**Saved entries:**
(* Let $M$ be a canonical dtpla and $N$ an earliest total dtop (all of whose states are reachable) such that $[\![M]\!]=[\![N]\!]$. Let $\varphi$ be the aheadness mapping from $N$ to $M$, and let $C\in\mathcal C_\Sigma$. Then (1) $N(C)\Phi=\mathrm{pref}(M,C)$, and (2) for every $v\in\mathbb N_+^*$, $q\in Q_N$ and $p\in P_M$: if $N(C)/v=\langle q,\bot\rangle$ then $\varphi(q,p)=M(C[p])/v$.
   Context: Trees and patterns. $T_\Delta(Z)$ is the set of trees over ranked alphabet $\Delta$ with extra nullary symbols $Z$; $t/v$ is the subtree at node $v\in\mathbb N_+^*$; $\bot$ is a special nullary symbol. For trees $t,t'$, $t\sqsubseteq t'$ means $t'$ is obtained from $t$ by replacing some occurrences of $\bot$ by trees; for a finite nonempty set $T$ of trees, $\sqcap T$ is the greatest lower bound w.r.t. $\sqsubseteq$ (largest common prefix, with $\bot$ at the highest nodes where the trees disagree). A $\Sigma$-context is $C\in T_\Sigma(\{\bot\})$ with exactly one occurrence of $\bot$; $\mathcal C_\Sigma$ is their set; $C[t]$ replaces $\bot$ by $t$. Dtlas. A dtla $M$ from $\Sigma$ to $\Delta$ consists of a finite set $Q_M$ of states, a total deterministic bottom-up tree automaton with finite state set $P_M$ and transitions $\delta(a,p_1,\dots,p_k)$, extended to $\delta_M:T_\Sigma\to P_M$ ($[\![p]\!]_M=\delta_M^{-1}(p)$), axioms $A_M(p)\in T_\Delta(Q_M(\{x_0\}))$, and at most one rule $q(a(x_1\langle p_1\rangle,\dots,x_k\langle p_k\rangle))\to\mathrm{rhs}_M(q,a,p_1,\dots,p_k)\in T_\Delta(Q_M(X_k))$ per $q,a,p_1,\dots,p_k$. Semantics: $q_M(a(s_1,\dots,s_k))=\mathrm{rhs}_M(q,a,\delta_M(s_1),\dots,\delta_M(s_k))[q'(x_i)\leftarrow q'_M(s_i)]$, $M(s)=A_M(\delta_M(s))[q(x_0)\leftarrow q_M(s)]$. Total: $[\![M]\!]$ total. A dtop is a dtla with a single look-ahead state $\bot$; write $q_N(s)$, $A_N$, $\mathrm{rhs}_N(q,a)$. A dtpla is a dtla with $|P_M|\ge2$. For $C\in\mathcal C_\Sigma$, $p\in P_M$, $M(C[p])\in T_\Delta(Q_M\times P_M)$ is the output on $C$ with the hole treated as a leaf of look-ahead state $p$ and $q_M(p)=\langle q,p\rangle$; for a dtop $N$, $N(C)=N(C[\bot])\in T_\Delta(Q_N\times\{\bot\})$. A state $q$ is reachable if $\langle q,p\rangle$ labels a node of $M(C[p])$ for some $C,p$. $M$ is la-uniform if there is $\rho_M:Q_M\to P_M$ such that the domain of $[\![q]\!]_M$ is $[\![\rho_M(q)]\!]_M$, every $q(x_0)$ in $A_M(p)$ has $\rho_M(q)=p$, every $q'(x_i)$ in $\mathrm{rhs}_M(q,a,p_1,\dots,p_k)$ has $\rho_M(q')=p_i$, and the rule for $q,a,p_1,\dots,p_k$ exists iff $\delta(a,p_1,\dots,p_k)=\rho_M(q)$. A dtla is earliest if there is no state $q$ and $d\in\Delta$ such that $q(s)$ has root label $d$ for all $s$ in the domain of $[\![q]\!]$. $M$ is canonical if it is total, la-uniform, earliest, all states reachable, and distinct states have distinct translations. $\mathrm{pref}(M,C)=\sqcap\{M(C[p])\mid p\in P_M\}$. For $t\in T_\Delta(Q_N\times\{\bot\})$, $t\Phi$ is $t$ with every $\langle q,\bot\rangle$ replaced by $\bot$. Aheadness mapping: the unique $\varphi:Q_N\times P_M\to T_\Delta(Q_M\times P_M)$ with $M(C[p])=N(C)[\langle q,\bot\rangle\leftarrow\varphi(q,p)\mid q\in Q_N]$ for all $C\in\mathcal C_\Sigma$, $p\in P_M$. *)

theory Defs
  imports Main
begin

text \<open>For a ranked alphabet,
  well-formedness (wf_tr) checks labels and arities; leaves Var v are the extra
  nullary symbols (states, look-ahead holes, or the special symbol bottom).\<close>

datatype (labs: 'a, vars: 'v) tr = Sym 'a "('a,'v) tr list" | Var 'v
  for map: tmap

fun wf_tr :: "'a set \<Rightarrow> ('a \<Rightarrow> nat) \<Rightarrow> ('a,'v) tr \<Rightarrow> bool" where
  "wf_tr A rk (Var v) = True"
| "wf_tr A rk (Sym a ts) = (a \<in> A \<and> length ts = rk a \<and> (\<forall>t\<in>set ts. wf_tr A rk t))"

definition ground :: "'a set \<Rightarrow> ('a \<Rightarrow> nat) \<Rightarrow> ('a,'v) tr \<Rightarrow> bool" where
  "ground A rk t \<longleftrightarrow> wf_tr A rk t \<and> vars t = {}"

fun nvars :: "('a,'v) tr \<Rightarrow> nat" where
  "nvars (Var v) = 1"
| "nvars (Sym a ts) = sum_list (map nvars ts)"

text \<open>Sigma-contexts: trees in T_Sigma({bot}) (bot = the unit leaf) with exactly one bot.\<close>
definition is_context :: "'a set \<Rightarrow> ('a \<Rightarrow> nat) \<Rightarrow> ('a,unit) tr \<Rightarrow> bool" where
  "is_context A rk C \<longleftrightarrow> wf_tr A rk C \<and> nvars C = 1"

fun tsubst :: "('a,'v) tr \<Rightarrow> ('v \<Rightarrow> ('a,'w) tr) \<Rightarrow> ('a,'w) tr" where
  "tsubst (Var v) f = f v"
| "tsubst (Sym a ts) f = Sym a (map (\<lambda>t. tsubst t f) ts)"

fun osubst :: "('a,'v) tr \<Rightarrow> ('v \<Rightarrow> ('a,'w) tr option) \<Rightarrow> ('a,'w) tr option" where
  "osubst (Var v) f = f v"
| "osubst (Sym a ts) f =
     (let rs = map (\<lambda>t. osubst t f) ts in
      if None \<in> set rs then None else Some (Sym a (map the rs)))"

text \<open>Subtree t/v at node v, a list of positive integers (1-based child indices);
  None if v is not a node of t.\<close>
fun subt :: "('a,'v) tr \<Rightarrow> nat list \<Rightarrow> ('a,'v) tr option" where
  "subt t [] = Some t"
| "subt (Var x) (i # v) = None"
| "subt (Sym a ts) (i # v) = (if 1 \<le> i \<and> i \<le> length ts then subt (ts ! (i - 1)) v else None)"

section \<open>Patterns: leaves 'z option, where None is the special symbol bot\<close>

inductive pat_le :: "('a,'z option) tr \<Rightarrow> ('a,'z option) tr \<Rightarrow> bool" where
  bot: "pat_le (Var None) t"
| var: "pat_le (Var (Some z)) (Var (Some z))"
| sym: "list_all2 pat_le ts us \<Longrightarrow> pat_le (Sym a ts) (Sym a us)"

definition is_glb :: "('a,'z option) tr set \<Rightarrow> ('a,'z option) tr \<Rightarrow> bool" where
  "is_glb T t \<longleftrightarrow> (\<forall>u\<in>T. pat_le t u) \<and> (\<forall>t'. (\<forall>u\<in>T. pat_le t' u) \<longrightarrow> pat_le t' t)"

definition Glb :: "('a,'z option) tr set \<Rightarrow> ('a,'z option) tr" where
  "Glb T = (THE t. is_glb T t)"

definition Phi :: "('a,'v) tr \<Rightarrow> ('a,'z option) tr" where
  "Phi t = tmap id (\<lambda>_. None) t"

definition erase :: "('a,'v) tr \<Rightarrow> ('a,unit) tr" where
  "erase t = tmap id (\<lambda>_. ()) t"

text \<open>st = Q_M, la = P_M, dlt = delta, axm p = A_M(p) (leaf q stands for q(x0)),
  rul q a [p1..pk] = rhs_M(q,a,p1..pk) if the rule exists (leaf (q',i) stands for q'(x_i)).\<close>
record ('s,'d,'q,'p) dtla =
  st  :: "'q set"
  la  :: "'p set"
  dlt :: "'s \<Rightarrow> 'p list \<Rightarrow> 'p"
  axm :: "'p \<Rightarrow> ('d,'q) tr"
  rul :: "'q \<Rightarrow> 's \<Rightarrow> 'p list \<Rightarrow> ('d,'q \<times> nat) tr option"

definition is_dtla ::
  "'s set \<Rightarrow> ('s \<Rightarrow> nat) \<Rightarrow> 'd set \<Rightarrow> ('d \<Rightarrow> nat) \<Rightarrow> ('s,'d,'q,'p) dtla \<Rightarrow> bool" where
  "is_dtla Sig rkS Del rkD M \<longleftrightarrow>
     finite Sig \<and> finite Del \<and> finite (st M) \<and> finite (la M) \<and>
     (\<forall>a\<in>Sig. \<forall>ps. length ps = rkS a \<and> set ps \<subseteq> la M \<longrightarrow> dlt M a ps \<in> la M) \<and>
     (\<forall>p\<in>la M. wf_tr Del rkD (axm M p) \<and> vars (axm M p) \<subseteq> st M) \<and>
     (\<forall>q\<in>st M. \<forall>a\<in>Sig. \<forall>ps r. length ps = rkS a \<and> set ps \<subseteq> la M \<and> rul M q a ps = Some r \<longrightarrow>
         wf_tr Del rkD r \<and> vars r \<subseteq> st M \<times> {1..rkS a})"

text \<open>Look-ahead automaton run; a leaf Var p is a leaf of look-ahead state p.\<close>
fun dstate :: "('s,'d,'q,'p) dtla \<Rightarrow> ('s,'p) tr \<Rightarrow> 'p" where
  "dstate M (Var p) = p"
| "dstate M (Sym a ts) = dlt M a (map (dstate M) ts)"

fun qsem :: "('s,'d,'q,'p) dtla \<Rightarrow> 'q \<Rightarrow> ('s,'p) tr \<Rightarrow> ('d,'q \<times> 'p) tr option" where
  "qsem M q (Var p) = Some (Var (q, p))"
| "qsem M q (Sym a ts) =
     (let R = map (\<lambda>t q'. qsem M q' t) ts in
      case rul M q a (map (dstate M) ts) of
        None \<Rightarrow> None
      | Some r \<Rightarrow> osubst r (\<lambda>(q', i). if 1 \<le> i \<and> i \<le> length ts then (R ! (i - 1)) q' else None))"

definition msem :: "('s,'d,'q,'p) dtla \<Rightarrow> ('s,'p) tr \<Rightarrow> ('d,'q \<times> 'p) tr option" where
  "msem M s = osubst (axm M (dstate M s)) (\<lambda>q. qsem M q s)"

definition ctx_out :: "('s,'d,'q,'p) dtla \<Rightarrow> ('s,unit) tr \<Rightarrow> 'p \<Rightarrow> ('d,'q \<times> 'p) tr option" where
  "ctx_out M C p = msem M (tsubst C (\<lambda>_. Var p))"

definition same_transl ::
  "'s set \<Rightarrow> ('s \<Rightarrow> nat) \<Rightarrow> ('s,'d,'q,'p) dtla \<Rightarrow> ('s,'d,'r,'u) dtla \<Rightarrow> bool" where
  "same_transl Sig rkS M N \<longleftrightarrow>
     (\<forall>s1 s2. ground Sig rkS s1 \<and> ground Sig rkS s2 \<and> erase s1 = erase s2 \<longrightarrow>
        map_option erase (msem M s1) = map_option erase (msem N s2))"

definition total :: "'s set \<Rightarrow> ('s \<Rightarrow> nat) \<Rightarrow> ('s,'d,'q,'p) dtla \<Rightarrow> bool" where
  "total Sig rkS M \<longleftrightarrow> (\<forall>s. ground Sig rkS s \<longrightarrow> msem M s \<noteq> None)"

**INSTRUCTIONS FOR THE TASK:**
Could you reproduce, exactly, every line above from the line with "tr \<Rightarrow> ('a,unit)" to the line with "text \<open>Look-ahead automaton", and no other line? Both ends count.

**REPLY TO THE TASK:**
definition erase :: "('a,'v) tr \<Rightarrow> ('a,unit) tr" where
  "erase t = tmap id (\<lambda>_. ()) t"

text \<open>st = Q_M, la = P_M, dlt = delta, axm p = A_M(p) (leaf q stands for q(x0)),
  rul q a [p1..pk] = rhs_M(q,a,p1..pk) if the rule exists (leaf (q',i) stands for q'(x_i)).\<close>
record ('s,'d,'q,'p) dtla =
  st  :: "'q set"
  la  :: "'p set"
  dlt :: "'s \<Rightarrow> 'p list \<Rightarrow> 'p"
  axm :: "'p \<Rightarrow> ('d,'q) tr"
  rul :: "'q \<Rightarrow> 's \<Rightarrow> 'p list \<Rightarrow> ('d,'q \<times> nat) tr option"

definition is_dtla ::
  "'s set \<Rightarrow> ('s \<Rightarrow> nat) \<Rightarrow> 'd set \<Rightarrow> ('d \<Rightarrow> nat) \<Rightarrow> ('s,'d,'q,'p) dtla \<Rightarrow> bool" where
  "is_dtla Sig rkS Del rkD M \<longleftrightarrow>
     finite Sig \<and> finite Del \<and> finite (st M) \<and> finite (la M) \<and>
     (\<forall>a\<in>Sig. \<forall>ps. length ps = rkS a \<and> set ps \<subseteq> la M \<longrightarrow> dlt M a ps \<in> la M) \<and>
     (\<forall>p\<in>la M. wf_tr Del rkD (axm M p) \<and> vars (axm M p) \<subseteq> st M) \<and>
     (\<forall>q\<in>st M. \<forall>a\<in>Sig. \<forall>ps r. length ps = rkS a \<and> set ps \<subseteq> la M \<and> rul M q a ps = Some r \<longrightarrow>
         wf_tr Del rkD r \<and> vars r \<subseteq> st M \<times> {1..rkS a})"

text \<open>Look-ahead automaton run; a leaf Var p is a leaf of look-ahead state p.\<close>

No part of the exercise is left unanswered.